• Problem statement:
List each line of the data that holds the string "finite", please.

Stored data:
-*-*-

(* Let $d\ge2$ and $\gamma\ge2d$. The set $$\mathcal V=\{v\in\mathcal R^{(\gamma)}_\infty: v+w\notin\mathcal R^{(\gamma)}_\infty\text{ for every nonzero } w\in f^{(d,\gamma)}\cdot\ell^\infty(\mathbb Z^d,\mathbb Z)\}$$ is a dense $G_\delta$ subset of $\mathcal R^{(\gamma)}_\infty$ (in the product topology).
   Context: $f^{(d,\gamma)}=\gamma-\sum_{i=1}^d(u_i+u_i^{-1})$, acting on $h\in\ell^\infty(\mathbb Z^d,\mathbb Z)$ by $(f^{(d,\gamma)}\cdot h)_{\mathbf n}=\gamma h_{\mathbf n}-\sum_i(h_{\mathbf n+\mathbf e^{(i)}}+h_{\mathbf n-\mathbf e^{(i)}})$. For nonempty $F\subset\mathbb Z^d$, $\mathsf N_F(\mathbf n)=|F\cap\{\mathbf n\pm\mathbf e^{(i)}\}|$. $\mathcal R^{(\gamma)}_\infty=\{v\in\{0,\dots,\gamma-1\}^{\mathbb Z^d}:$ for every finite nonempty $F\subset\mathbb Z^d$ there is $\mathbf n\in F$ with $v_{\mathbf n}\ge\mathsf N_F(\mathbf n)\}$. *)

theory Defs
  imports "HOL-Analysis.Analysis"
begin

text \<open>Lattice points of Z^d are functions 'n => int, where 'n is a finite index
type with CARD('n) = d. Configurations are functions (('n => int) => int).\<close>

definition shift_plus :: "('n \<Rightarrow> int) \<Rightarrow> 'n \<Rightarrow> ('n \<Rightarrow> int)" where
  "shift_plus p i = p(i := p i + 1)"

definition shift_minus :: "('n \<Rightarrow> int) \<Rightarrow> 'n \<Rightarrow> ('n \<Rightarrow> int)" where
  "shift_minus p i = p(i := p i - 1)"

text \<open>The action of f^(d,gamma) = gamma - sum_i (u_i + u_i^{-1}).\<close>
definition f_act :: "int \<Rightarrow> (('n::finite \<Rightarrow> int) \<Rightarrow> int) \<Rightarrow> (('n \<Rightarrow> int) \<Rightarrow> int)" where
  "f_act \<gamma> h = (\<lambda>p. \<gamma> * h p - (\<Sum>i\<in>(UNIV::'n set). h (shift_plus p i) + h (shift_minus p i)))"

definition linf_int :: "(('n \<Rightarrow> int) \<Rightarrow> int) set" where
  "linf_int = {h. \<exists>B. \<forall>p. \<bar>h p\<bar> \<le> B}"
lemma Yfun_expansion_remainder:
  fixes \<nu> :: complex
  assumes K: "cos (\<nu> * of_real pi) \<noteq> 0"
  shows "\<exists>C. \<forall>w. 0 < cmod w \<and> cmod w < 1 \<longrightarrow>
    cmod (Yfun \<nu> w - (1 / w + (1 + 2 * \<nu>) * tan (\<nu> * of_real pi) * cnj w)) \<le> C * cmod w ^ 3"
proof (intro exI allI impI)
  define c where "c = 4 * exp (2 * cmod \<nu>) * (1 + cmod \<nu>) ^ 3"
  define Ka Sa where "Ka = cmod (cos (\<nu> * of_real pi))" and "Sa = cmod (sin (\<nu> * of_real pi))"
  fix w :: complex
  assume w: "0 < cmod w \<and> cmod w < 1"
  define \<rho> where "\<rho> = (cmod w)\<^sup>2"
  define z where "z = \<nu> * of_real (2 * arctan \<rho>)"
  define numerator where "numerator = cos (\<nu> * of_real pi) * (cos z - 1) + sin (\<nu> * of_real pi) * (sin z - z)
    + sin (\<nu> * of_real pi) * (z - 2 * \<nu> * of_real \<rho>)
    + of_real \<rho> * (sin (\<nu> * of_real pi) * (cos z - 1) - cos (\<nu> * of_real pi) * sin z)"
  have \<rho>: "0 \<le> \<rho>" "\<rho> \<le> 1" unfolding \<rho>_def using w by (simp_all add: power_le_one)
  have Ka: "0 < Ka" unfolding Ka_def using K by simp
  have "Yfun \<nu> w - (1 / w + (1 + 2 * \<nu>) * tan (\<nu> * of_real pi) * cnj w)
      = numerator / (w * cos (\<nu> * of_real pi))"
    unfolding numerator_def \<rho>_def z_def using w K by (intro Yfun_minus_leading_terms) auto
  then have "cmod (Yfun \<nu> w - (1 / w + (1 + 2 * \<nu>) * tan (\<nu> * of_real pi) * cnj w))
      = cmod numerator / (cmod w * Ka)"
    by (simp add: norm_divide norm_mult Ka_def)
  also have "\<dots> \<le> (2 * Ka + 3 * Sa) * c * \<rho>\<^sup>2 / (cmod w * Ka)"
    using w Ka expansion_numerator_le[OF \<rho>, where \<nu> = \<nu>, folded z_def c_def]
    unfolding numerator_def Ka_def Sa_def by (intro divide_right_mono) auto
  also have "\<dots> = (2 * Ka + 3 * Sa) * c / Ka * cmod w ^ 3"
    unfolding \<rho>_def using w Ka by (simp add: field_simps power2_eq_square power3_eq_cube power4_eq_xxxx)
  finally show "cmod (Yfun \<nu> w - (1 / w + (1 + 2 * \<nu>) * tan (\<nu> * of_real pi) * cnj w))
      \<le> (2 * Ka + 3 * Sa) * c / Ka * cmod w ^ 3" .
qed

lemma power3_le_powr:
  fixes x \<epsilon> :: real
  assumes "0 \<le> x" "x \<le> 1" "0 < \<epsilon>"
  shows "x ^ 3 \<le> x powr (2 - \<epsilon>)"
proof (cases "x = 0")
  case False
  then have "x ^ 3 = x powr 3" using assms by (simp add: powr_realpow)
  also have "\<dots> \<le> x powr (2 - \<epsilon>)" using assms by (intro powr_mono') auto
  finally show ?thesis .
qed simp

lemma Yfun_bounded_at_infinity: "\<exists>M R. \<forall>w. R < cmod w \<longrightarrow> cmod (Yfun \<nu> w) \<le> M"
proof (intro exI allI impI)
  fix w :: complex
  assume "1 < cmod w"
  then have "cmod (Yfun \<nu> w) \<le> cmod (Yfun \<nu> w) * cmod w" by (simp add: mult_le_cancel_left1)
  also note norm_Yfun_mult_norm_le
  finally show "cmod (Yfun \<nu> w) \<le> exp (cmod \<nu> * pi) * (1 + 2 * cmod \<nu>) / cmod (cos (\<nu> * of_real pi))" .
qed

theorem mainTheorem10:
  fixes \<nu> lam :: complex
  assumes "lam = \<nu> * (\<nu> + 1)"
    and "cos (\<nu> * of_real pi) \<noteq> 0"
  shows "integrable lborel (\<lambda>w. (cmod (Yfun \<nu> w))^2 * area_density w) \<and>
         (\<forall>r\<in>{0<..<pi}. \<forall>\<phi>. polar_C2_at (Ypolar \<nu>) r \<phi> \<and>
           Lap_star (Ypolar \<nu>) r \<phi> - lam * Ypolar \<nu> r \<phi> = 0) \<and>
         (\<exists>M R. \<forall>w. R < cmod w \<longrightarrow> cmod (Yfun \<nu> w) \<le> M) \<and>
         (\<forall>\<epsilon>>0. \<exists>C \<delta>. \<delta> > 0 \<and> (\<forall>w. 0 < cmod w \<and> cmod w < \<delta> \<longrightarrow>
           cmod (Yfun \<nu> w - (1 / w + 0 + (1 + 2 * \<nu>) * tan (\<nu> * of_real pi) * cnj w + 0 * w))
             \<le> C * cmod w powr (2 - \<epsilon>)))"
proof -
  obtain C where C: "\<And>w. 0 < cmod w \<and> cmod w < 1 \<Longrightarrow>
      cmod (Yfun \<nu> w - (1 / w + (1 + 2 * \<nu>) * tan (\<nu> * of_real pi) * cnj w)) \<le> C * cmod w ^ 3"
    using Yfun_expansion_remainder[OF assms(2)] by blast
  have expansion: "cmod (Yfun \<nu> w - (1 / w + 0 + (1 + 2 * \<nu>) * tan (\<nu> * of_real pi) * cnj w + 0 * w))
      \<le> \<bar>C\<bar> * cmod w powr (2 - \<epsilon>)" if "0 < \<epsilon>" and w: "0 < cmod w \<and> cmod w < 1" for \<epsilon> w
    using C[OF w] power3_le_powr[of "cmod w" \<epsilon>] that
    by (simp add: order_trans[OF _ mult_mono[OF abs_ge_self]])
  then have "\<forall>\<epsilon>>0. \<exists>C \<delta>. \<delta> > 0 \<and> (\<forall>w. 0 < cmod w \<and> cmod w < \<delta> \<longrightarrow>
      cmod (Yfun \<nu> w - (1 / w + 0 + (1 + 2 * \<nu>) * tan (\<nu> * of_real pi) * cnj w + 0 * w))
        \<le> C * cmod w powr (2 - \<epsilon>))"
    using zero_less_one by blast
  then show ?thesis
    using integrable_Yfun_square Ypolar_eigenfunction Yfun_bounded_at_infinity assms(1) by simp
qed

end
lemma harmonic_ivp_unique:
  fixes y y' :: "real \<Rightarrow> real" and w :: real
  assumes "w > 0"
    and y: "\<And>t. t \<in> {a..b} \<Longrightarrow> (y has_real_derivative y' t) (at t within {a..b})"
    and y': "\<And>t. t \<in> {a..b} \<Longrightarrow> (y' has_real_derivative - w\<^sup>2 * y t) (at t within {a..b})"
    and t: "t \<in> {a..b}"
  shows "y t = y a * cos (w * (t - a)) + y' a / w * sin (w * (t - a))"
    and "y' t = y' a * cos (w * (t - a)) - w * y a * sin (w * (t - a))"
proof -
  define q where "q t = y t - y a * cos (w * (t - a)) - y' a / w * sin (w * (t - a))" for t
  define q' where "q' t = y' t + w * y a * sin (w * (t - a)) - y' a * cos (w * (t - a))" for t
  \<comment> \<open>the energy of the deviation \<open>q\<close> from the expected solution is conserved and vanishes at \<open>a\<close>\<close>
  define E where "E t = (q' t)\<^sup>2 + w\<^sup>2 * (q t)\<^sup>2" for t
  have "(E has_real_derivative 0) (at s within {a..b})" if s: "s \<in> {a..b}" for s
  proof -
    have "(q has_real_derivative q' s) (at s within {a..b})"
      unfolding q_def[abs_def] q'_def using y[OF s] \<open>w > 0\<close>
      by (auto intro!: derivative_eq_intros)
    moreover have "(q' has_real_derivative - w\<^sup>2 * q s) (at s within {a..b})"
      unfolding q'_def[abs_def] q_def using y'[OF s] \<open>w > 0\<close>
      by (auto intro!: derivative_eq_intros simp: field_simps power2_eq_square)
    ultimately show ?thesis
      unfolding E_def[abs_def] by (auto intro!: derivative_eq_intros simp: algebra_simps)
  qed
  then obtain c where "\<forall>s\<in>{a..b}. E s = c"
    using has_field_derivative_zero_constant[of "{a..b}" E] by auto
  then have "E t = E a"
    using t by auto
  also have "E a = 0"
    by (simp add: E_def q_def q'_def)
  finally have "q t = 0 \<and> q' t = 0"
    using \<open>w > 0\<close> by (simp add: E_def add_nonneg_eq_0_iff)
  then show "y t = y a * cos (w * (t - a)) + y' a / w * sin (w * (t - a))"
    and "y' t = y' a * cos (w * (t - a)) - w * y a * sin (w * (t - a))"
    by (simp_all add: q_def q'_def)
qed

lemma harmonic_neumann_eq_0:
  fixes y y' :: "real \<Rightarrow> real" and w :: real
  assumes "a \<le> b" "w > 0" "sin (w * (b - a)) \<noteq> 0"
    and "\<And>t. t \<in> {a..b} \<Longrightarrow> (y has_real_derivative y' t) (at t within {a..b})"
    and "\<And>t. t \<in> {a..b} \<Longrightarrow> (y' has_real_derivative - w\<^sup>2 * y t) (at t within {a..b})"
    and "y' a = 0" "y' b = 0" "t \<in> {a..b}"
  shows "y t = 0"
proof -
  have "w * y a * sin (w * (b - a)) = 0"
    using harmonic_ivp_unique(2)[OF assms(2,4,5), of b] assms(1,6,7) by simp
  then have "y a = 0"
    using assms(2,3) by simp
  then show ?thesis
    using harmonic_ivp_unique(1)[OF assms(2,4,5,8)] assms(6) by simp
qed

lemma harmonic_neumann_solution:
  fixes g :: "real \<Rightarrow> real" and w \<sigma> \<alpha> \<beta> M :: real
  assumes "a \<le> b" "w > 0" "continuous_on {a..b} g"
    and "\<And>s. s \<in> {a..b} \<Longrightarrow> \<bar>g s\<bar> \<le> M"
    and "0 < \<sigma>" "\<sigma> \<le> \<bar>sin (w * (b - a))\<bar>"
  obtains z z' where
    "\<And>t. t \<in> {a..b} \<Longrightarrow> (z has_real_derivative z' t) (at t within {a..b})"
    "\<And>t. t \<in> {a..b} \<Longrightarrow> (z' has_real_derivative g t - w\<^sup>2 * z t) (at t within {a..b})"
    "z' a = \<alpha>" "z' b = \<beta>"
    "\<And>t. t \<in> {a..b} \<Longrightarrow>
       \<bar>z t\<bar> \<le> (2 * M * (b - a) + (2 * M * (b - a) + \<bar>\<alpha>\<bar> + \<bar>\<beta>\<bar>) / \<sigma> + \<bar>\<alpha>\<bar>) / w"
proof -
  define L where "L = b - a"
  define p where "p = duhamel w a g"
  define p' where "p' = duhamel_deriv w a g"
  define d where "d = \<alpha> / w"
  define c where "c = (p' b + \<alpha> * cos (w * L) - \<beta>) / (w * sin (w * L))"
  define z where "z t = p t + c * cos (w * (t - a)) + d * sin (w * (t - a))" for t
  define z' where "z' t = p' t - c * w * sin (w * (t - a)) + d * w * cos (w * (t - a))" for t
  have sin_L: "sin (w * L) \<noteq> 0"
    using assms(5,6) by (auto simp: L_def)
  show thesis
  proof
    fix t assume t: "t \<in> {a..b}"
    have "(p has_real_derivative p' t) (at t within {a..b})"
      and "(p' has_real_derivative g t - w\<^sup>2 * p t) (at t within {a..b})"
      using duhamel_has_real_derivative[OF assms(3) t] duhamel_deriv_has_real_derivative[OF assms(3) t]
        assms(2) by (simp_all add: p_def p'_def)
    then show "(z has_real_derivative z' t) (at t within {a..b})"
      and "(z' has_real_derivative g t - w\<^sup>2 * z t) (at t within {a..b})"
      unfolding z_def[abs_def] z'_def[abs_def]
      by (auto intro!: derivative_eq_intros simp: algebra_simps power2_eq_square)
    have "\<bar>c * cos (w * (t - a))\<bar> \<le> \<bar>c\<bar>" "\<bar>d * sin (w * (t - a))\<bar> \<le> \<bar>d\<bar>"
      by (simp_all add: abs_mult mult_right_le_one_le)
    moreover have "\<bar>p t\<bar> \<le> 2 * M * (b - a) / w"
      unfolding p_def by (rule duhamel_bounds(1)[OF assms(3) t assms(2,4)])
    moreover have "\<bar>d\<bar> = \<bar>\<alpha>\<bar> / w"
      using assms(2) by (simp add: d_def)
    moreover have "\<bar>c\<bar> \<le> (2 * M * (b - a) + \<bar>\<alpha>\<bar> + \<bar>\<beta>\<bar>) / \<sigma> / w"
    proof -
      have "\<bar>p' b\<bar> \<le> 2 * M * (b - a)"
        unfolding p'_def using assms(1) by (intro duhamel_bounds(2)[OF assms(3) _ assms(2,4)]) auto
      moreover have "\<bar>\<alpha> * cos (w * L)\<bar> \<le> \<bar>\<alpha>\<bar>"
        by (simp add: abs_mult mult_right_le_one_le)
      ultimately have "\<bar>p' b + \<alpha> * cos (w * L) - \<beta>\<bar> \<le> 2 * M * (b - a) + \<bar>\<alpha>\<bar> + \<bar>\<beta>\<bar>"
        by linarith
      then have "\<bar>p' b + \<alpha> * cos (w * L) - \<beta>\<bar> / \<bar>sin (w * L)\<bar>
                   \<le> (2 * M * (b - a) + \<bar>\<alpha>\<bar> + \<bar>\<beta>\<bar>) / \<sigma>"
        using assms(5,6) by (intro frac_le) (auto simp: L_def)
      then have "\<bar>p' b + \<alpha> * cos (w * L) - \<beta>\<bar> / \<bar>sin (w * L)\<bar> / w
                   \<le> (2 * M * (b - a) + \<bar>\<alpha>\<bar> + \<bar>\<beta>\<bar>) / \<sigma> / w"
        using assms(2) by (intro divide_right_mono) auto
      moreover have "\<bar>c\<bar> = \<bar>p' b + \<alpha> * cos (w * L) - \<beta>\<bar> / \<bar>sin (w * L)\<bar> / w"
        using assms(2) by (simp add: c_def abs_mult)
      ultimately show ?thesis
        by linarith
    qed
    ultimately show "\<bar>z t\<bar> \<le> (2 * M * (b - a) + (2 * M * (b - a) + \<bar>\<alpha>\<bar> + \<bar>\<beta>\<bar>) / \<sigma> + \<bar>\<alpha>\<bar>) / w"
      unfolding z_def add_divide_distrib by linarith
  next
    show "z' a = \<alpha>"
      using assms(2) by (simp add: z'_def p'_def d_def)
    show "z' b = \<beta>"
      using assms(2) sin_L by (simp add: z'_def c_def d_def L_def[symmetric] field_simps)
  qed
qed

-*-*-

• Result of this task:
   Context: $f^{(d,\gamma)}=\gamma-\sum_{i=1}^d(u_i+u_i^{-1})$, acting on $h\in\ell^\infty(\mathbb Z^d,\mathbb Z)$ by $(f^{(d,\gamma)}\cdot h)_{\mathbf n}=\gamma h_{\mathbf n}-\sum_i(h_{\mathbf n+\mathbf e^{(i)}}+h_{\mathbf n-\mathbf e^{(i)}})$. For nonempty $F\subset\mathbb Z^d$, $\mathsf N_F(\mathbf n)=|F\cap\{\mathbf n\pm\mathbf e^{(i)}\}|$. $\mathcal R^{(\gamma)}_\infty=\{v\in\{0,\dots,\gamma-1\}^{\mathbb Z^d}:$ for every finite nonempty $F\subset\mathbb Z^d$ there is $\mathbf n\in F$ with $v_{\mathbf n}\ge\mathsf N_F(\mathbf n)\}$. *)
text \<open>Lattice points of Z^d are functions 'n => int, where 'n is a finite index
definition f_act :: "int \<Rightarrow> (('n::finite \<Rightarrow> int) \<Rightarrow> int) \<Rightarrow> (('n \<Rightarrow> int) \<Rightarrow> int)" where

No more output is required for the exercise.